# Planted Shrimp Tank



## Calmer (Mar 9, 2008)

Here is a nice pdf article on planting a shrimp bowl by Diana Walstad.
http://www.google.com/url?sa=t&sour...76yGAw&usg=AFQjCNHSRKCrOdvrw4-NCmR7QjeFt7mFpg


----------



## Darkblade48 (Jan 28, 2008)

Ah yes, I found the same article over at TFT  

I think, more importantly is that Diana Walstad showed that it was possible to grow HC in a low tech setup too.


----------



## igor.kanshyn (Jan 14, 2010)

The article has quite an interesting idea about Dry Start Tank. 
Diana (the author) wrote: "Emergent-grown plants often grow 4-10 faster than plants grown submersed."
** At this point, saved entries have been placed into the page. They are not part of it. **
lemma dvd_of_prime_power_dvd:
  fixes q n :: int
  assumes "q > 0" "\<And>p. p \<in> prime_factors q \<Longrightarrow> p ^ multiplicity p q dvd n"
  shows "q dvd n"
proof (cases "n = 0")
  case False
  show ?thesis
  proof (rule multiplicity_le_imp_dvd)
    fix p :: int assume p: "prime p"
    show "multiplicity p q \<le> multiplicity p n"
    proof (cases "p \<in> prime_factors q")
      case True
      then show ?thesis
        using assms(2) p multiplicity_geI[OF False] not_prime_unit by blast
    next
      case False
      then show ?thesis
        using p assms(1) by (auto simp: in_prime_factors_iff not_dvd_imp_multiplicity_0)
    qed
  qed (use assms(1) in simp)
qed simp

lemma mcong_of_prime_power_mcong:
  fixes A B :: mat22
  assumes "q > 0" "\<And>p. p \<in> prime_factors q \<Longrightarrow> mcong (p ^ multiplicity p q) A B"
  shows "mcong q A B"
proof -
  obtain a1 a2 a3 a4 a5 a6 a7 a8 where A: "A = M (Z a1 a2) (Z a3 a4) (Z a5 a6) (Z a7 a8)"
    by (metis mat22.exhaust zsqrt2.exhaust)
  obtain b1 b2 b3 b4 b5 b6 b7 b8 where B: "B = M (Z b1 b2) (Z b3 b4) (Z b5 b6) (Z b7 b8)"
    by (metis mat22.exhaust zsqrt2.exhaust)
  have H: "p ^ multiplicity p q dvd a1 - b1 \<and> p ^ multiplicity p q dvd a2 - b2
    \<and> p ^ multiplicity p q dvd a3 - b3 \<and> p ^ multiplicity p q dvd a4 - b4
    \<and> p ^ multiplicity p q dvd a5 - b5 \<and> p ^ multiplicity p q dvd a6 - b6
    \<and> p ^ multiplicity p q dvd a7 - b7 \<and> p ^ multiplicity p q dvd a8 - b8"
    if "p \<in> prime_factors q" for p
    using assms(2)[OF that] by (simp add: A B mcong_mat22_iff mcong_zsqrt2_iff)
  show ?thesis
    unfolding A B mcong_mat22_iff mcong_zsqrt2_iff
    by (intro conjI; rule dvd_of_prime_power_dvd[OF assms(1)]; use H in blast)
qed

lemma prime_power_dvd_cofactor:
  fixes q p r :: int
  assumes "prime p" "prime r" "r \<noteq> p"
  shows "r ^ multiplicity r q dvd q div p ^ multiplicity p q"
proof -
  have "coprime (r ^ multiplicity r q) (p ^ multiplicity p q)"
    using primes_coprime[OF assms(2,1,3)] by simp
  moreover have "r ^ multiplicity r q dvd p ^ multiplicity p q * (q div p ^ multiplicity p q)"
    by (simp add: multiplicity_dvd)
  ultimately show ?thesis
    using coprime_dvd_mult_right_iff by blast
qed

lemma Gam_approx_at_prime:
  assumes "q > 0" "prime p" "p \<noteq> 2" "p \<noteq> 3" "Y \<in> Gam" "C \<in> Gam"
  shows "\<exists>Y'\<in>Gam. mcong (p ^ multiplicity p q) Y' C \<and> mcong (q div p ^ multiplicity p q) Y' Y"
proof -
  define qp where "qp = p ^ multiplicity p q"
  define Qp where "Qp = q div qp"
  have q: "q = qp * Qp"
    unfolding Qp_def qp_def by (simp add: multiplicity_dvd)
  have "qp > 0"
    unfolding qp_def using assms(2) prime_gt_0_int by simp
  then have "Qp > 0"
    using q assms(1) by (simp add: zero_less_mult_iff)
  have "\<not> p dvd Qp"
    unfolding Qp_def qp_def using assms(1,2) not_prime_unit by (intro multiplicity_decompose) auto
  then have "coprime Qp qp"
    unfolding qp_def using assms(2) prime_imp_coprime coprime_commute coprime_power_right_iff by metis
  have "coprime p 2" "coprime p 3"
    using primes_coprime[OF assms(2), of 2] primes_coprime[OF assms(2), of 3] assms(3,4) by auto
  then have "coprime qp 6"
    unfolding qp_def using coprime_mult_right_iff[of p 2 3] by simp
  moreover have "det (adj Y * C) = 1"
    using assms(5,6) by (simp add: det_mult det_adj Gam_det)
  ultimately obtain g where g: "g \<in> Gam" "mcong qp g (adj Y * C)" "mcong Qp g 1"
    using strong_approximation[OF _ \<open>coprime Qp qp\<close> \<open>qp > 0\<close> \<open>Qp > 0\<close>, of "adj Y * C"] by auto
  have "mcong qp (Y * g) (Y * (adj Y * C))"
    using mcong_mult[OF mcong_refl g(2)] .
  then have "mcong qp (Y * g) C"
    using Gam_mult_adj[OF assms(5)] by (simp add: mult.assoc[symmetric])
  moreover have "mcong Qp (Y * g) Y"
    using mcong_mult[OF mcong_refl[of _ Y] g(3)] by simp
  ultimately show ?thesis
    unfolding qp_def Qp_def using Gam_mult[OF assms(5) g(1)] by blast
qed

text \<open>The primes 2 and 3 are handled together by \<open>approx_2_adic\<close>, every other prime by
  strong approximation with the cofactor as auxiliary modulus.\<close>
lemma Gam_chinese_remainder:
  fixes q :: int and C :: "int \<Rightarrow> mat22"
  assumes "q > 0" "\<And>p. C p \<in> Gam"
  shows "\<exists>Y\<in>Gam. \<forall>p\<in>prime_factors q. mcong (p ^ multiplicity p q) Y (C p)"
proof -
  define k where "k p = multiplicity p q" for p
  obtain h where h: "h \<in> Gam" "mcong (2 ^ k 2) h (C 2 * adj (C 3))" "mcong (3 ^ k 3) h 1"
    using approx_2_adic[OF Gam_mult[OF assms(2) Gam_adj[OF assms(2)]]] by blast
  have "mcong (2 ^ k 2) (h * C 3) (C 2 * adj (C 3) * C 3)"
    using mcong_mult[OF h(2) mcong_refl] .
  then have base: "\<forall>p\<in>{2, 3}. mcong (p ^ k p) (h * C 3) (C p)"
    using mcong_mult[OF h(3) mcong_refl[of _ "C 3"]] Gam_adj_mult[OF assms(2)] by (simp add: mult.assoc)
  define P where "P = prime_factors q - {2, 3}"
  have "finite P" "P \<subseteq> P"
    unfolding P_def by simp_all
  then have "\<exists>Y\<in>Gam. \<forall>p\<in>{2, 3} \<union> P. mcong (p ^ k p) Y (C p)"
  proof (induct P rule: finite_subset_induct')
    case empty
    show ?case using base Gam_mult[OF h(1) assms(2)] by auto
  next
    case (insert p S)
    then obtain Y where Y: "Y \<in> Gam" "\<forall>r\<in>{2, 3} \<union> S. mcong (r ^ k r) Y (C r)"
      by blast
    have p: "prime p" "p \<noteq> 2" "p \<noteq> 3"
      using insert(2) unfolding P_def by auto
    obtain Y' where Y': "Y' \<in> Gam" "mcong (p ^ k p) Y' (C p)" "mcong (q div p ^ k p) Y' Y"
      using Gam_approx_at_prime[OF assms(1) p Y(1) assms(2)] unfolding k_def by blast
    have "mcong (r ^ k r) Y' (C r)" if "r \<in> {2, 3} \<union> S" for r
    proof -
      have "prime r" "r \<noteq> p"
        using that insert(3,4) p unfolding P_def by auto
      then have "r ^ k r dvd q div p ^ k p"
        unfolding k_def using prime_power_dvd_cofactor p(1) by blast
      then show ?thesis
        using Y'(3) Y(2) that by (meson mcong_dvd mcong_trans)
    qed
    then show ?case
      using Y' by blast
  qed
  then obtain Y where "Y \<in> Gam" "\<forall>p\<in>{2, 3} \<union> P. mcong (p ^ k p) Y (C p)"
    by blast
  moreover have "prime_factors q \<subseteq> {2, 3} \<union> P"
    unfolding P_def by blast
  ultimately have "\<forall>p\<in>prime_factors q. mcong (p ^ multiplicity p q) Y (C p)"
    unfolding k_def by blast
  from this \<open>Y \<in> Gam\<close> show ?thesis
    by (rule bexI)
qed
Also I heard that aquatic plant farms grew plants not covered by water. This makes sense for me now.


----------



## Jsu (Dec 4, 2009)

I think this thread (the article in this thread) should be a sticky. The dry start method had become very popular and this is an awesome article for those whom want to start a small shrimp tank. Maybe someone aka Darkblade can write something about the dry start method in his thread "starting a planted tank". http://www.gtaaquaria.com/forum/showthread.php?t=11247


----------



## Darkblade48 (Jan 28, 2008)

Good idea, I will add it into the article when I have some time.


----------



## SAMhap (Jun 20, 2010)

nice setups. should try this.


----------



## solarz (Aug 31, 2010)

interesting, I was just thinking about starting a shrimp bowl. I'm not sure about using potting soil though, and I'm not aware of any black colored pool filter sand.


----------